─── SOURCE DATA ───
(* For every integer $r\ge4$, \[ f_r(r+1,r)=\rho_r\big(T(r+2,r)\big)=\frac{4}{r+2}. \]
   Context: $\mathcal{G}(\Delta,\omega)$ denotes the class of finite simple graphs $G$ with maximum degree $\Delta(G)\le\Delta$ and clique number $\omega(G)\le\omega$. $k_t(G)$ is the number of copies of $K_t$ in $G$ and $\rho_t(G)=k_t(G)/|V(G)|$. $f_t(\Delta,\omega)=\sup\{\rho_t(G): G\in\mathcal{G}(\Delta,\omega),\ |V(G)|\ge 1\}$. $T(n,r)$ denotes the $r$-partite Turán graph on $n$ vertices; for $r\ge 4$, $T(r+2,r)$ has $r-2$ parts of size $1$ and two parts of size $2$. *)

theory Defs
  imports Complex_Main
begin

definition simple_graph :: "'a set \<Rightarrow> 'a set set \<Rightarrow> bool" where
  "simple_graph V E \<longleftrightarrow> finite V \<and> (\<forall>e\<in>E. e \<subseteq> V \<and> card e = 2)"

definition graph_degree :: "'a set \<Rightarrow> 'a set set \<Rightarrow> 'a \<Rightarrow> nat" where
  "graph_degree V E v = card {u \<in> V. {u, v} \<in> E}"

definition is_clique :: "'a set \<Rightarrow> 'a set set \<Rightarrow> 'a set \<Rightarrow> bool" where
  "is_clique V E S \<longleftrightarrow> S \<subseteq> V \<and> (\<forall>x\<in>S. \<forall>y\<in>S. x \<noteq> y \<longrightarrow> {x, y} \<in> E)"

definition max_degree_le :: "'a set \<Rightarrow> 'a set set \<Rightarrow> nat \<Rightarrow> bool" where
  "max_degree_le V E D \<longleftrightarrow> (\<forall>v\<in>V. graph_degree V E v \<le> D)"

definition clique_number_le :: "'a set \<Rightarrow> 'a set set \<Rightarrow> nat \<Rightarrow> bool" where
  "clique_number_le V E w \<longleftrightarrow> (\<forall>S. is_clique V E S \<longrightarrow> card S \<le> w)"

definition k_count :: "nat \<Rightarrow> 'a set \<Rightarrow> 'a set set \<Rightarrow> nat" where
  "k_count t V E = card {S. is_clique V E S \<and> card S = t}"

definition rho :: "nat \<Rightarrow> 'a set \<Rightarrow> 'a set set \<Rightarrow> real" where
  "rho t V E = real (k_count t V E) / real (card V)"

text \<open>The class G(D,w); vertices are taken from nat (every finite graph is
  isomorphic to one on natural-number vertices).\<close>
definition graph_class :: "nat \<Rightarrow> nat \<Rightarrow> (nat set \<times> nat set set) set" where
  "graph_class D w = {(V, E). simple_graph V E \<and> max_degree_le V E D \<and> clique_number_le V E w}"

definition f_sup :: "nat \<Rightarrow> nat \<Rightarrow> nat \<Rightarrow> real" where
  "f_sup t D w = Sup {rho t V E | V E. (V, E) \<in> graph_class D w \<and> card V \<ge> 1}"

text \<open>Turan graph T(n,r): vertices 0..n-1, vertex i in part (i mod r), edges between
  vertices of different parts; the parts have sizes as equal as possible.\<close>
definition turan_V :: "nat \<Rightarrow> nat set" where
  "turan_V n = {0..<n}"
───
**THE PROBLEM**
The required output is every line above from the one with "set set \<Rightarrow> 'a set" down to the one with "E S \<longleftrightarrow>", restated word for word, ends included.

**RESPONSE BELOW**
definition is_clique :: "'a set \<Rightarrow> 'a set set \<Rightarrow> 'a set \<Rightarrow> bool" where
  "is_clique V E S \<longleftrightarrow> S \<subseteq> V \<and> (\<forall>x\<in>S. \<forall>y\<in>S. x \<noteq> y \<longrightarrow> {x, y} \<in> E)"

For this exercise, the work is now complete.